Based on Ron Hansen's 1997 novel,
Assassination suggests that Jesse's celebrity, even more than his crimes or his violent nature, leads to his dreadful end. Throughout, Roger Deakins' cinematography is heartbreakingly beautiful, alternately blurred and precise, the colors autumnal, the shadows long and evocative. All of this makes for an environment that reflects the inner lives of both Jesse and Bob, neither able to shake the other. "I can't figure it out," Jesse says, "You want to be like me or
be me?" Jesse finds it difficult to give up "night-riding" and becomes increasingly paranoid. When he moves his children and wife, Zee (
Mary-Louise Parker), to a cottage in Missouri, he feels restless, riding out occasionally to murder former gang members. These visits are turned into poetic vignettes, the camera close on the men's faces as they anticipate their fate, while Jesse remains unnervingly calm and decided.

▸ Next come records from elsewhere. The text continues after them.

(* Let $\mathbf{A}$ be a finite metric space and let $p,q$ be partial isometries of $\mathbf{A}$ with $\mathrm{Per}(p)=\mathrm{Fix}(p)$, $\mathrm{Per}(q)=\mathrm{Fix}(q)$ and $\mathrm{Fix}(p)\cap\mathrm{Fix}(q)\neq\emptyset$. Then there exist a finite metric space $(\mathbf{B},d)$ containing $\mathbf{A}$ as a metric subspace, partial isometries $\bar p\supseteq p$ and $\bar q\supseteq q$ of $\mathbf{B}$, and a reduced word $w=t^Kv\in F(s,t)$ with $K\neq0$ (the product $t^Kv$ reduced) such that: (i) $\mathrm{Per}(\bar p)=\mathrm{Per}(p)$ and $\mathrm{Per}(\bar q)=\mathrm{Per}(q)$; (ii) $w(\bar p,\bar q)(a)$ is defined for every $a\in\mathbf{A}$, and $\mathrm{dom}(\bar p)\cup w(\bar p,\bar q)(\mathbf{A})$ is the free amalgam of $\mathrm{dom}(\bar p)$ and $w(\bar p,\bar q)(\mathbf{A})$ over $\mathrm{Fix}(p)\cap\mathrm{Fix}(q)$, i.e. for all $x\in w(\bar p,\bar q)(\mathbf{A})$ and $y\in\mathrm{dom}(\bar p)$, $$d(x,y)=\min\{d(x,z)+d(z,y): z\in\mathrm{Fix}(p)\cap\mathrm{Fix}(q)\}.$$ Moreover, all distances in $\mathbf{B}$ lie in the additive semigroup generated by the distances in $\mathbf{A}$; in particular $\mathrm{den}(\mathrm{dom}(\bar p)\cup\mathbf{A})=\mathrm{den}(\mathbf{A})=\mathrm{den}(\mathrm{dom}(\bar q)\cup\mathbf{A})$.
   Context: A partial isometry of a metric space $\mathbf{C}$ is an isometry $p$ between finite subsets $\mathrm{dom}(p),\mathrm{ran}(p)\subseteq\mathbf{C}$; $\bar p\supseteq p$ means $\bar p$ extends $p$. $\mathrm{Fix}(p)=\{x\in\mathrm{dom}(p):p(x)=x\}$. A point $x\in\mathrm{dom}(p)$ is periodic if there is $n>0$ with $x,p(x),\dots,p^n(x)\in\mathrm{dom}(p)$ (all defined) and $p^n(x)=x$; $\mathrm{Per}(p)$ is the set of periodic points. For a finite metric space with at least two points, $\mathrm{den}$ is the minimal distance between two distinct points. $F(s,t)$ is the free group on $s,t$; for a reduced word $w=t^{n_k}s^{m_k}\cdots t^{n_1}s^{m_1}$ and partial maps $p,q$, $w(p,q)(c)=q^{n_k}p^{m_k}\cdots q^{n_1}p^{m_1}(c)$ whenever the right-hand side is defined (the rightmost letter acts first). *)

theory Defs
  imports Complex_Main
begin

text \<open>A finite metric space is represented by a carrier set X together with a
  distance function d (only its values on X matter).\<close>
definition metric_on :: "'a set \<Rightarrow> ('a \<Rightarrow> 'a \<Rightarrow> real) \<Rightarrow> bool" where
  "metric_on X d \<longleftrightarrow>
     (\<forall>x\<in>X. \<forall>y\<in>X. 0 \<le> d x y \<and> (d x y = 0 \<longleftrightarrow> x = y) \<and> d x y = d y x) \<and>
     (\<forall>x\<in>X. \<forall>y\<in>X. \<forall>z\<in>X. d x z \<le> d x y + d y z)"

definition partial_isometry :: "'a set \<Rightarrow> ('a \<Rightarrow> 'a \<Rightarrow> real) \<Rightarrow> ('a \<rightharpoonup> 'a) \<Rightarrow> bool" where
  "partial_isometry X d p \<longleftrightarrow>
     finite (dom p) \<and> dom p \<subseteq> X \<and> ran p \<subseteq> X \<and> inj_on p (dom p) \<and>
     (\<forall>x\<in>dom p. \<forall>y\<in>dom p. d (the (p x)) (the (p y)) = d x y)"

primrec pit :: "('a \<rightharpoonup> 'a) \<Rightarrow> nat \<Rightarrow> 'a \<Rightarrow> 'a option" where
  "pit p 0 x = Some x"
| "pit p (Suc n) x = Option.bind (pit p n x) p"

definition Fix :: "('a \<rightharpoonup> 'a) \<Rightarrow> 'a set" where
  "Fix p = {x. p x = Some x}"

definition Per :: "('a \<rightharpoonup> 'a) \<Rightarrow> 'a set" where
  "Per p = {x \<in> dom p. \<exists>n>0. pit p n x = Some x}"

definition pinv :: "('a \<rightharpoonup> 'a) \<Rightarrow> ('a \<rightharpoonup> 'a)" where
  "pinv p y = (if \<exists>x. p x = Some y then Some (THE x. p x = Some y) else None)"

definition ppow :: "('a \<rightharpoonup> 'a) \<Rightarrow> int \<Rightarrow> ('a \<rightharpoonup> 'a)" where
  "ppow p n = (if 0 \<le> n then pit p (nat n) else pit (pinv p) (nat (- n)))"

text \<open>Words in the free group F(s,t): lists of syllables (generator, exponent),
  written left to right; the rightmost syllable acts first.\<close>
datatype gen = S | T

definition reduced_word :: "(gen \<times> int) list \<Rightarrow> bool" where
  "reduced_word w \<longleftrightarrow>
     (\<forall>i<length w. snd (w ! i) \<noteq> 0) \<and>
     (\<forall>i. Suc i < length w \<longrightarrow> fst (w ! i) \<noteq> fst (w ! Suc i))"

primrec eval_word :: "(gen \<times> int) list \<Rightarrow> ('a \<rightharpoonup> 'a) \<Rightarrow> ('a \<rightharpoonup> 'a) \<Rightarrow> 'a \<Rightarrow> 'a option" where
  "eval_word [] p q c = Some c"
| "eval_word (g # w) p q c =
     Option.bind (eval_word w p q c) (ppow (if fst g = S then p else q) (snd g))"

inductive_set add_semigroup_gen :: "real set \<Rightarrow> real set" for G where
  base: "x \<in> G \<Longrightarrow> x \<in> add_semigroup_gen G"
| plus: "x \<in> add_semigroup_gen G \<Longrightarrow> y \<in> add_semigroup_gen G \<Longrightarrow> x + y \<in> add_semigroup_gen G"

definition den :: "'a set \<Rightarrow> ('a \<Rightarrow> 'a \<Rightarrow> real) \<Rightarrow> real" where
  "den X d = Min {d x y | x y. x \<in> X \<and> y \<in> X \<and> x \<noteq> y}"

end

theory Submission
  imports Defs
begin

text \<open>Work in the type 'a + nat, where A is copied as Inl ` A and fresh points
  are available.  The basic tool is the unrolling lemma: a partial isometry f of a finite metric
  space X whose periodic points are fixed can be extended so that N iterations of f are defined
  on X.  The new points are tails attached to the endpoints of the f-orbits, and the new metric
  is the path metric of the graph X \<times> \<int> in which every f-step descends one layer at cost 0.
  A potential argument shows that f^N(x) is then far from X, except along paths through a
  fixed point of f; no new periodic points appear, and all distances stay in the additive
  semigroup generated by the old ones.

  The construction alternates unrolling p and q for rapidly growing numbers of steps.  After m
  rounds the word w of length 2m maps every a \<in> A to a point whose distance to the relevant
  points is at least the free amalgam distance over F = Fix p \<inter> Fix q or m \<delta>, where \<delta> bounds
  the nonzero distances from below.  Once m \<delta> exceeds twice the diameter of A this lower bound
  is the free amalgam distance itself, which is also an upper bound.\<close>

section \<open>Walks with edge costs\<close>

fun is_walk :: "('v \<Rightarrow> 'v \<Rightarrow> bool) \<Rightarrow> 'v list \<Rightarrow> bool" where
  "is_walk R (a # b # xs) = (R a b \<and> is_walk R (b # xs))"
| "is_walk R _ = True"

fun walk_length :: "('v \<Rightarrow> 'v \<Rightarrow> real) \<Rightarrow> 'v list \<Rightarrow> real" where
  "walk_length c (a # b # xs) = c a b + walk_length c (b # xs)"
| "walk_length c _ = 0"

At last landing on Bob and Charlie's doorstep, Jesse looks almost resigned when he hears Bob list "the many ways that you and I overlap and whatnot" (they share the same height, blue eyes, number of brothers, etc.). But Bob's obsession is never explosive; rather, the movie adopts a melancholy tone, creeping toward the moment when Jesse will essentially invite his "sidekick" to put him out of his misery, turning his back so that Bob can aim the new nickel-plated gun that Jesse gave him. Afterward, Bob and Charlie go on the road, performing and re-performing the assassination on stage hundreds of times (it's a little unnerving that Charlie plays Jesse and so "dies" repeatedly by his brother's hand). Though Bob yearns for the adulation he felt for his victim, he's instead reviled, a proto-tabloid figure who's mocked and resented. Though the film loses a kind of pulsing energy when Jesse is dead, that's partly the point: Bob's life also ends at the moment he tries to take control of it. He loses himself to the celebrity -- the idea and the man -- he so covets.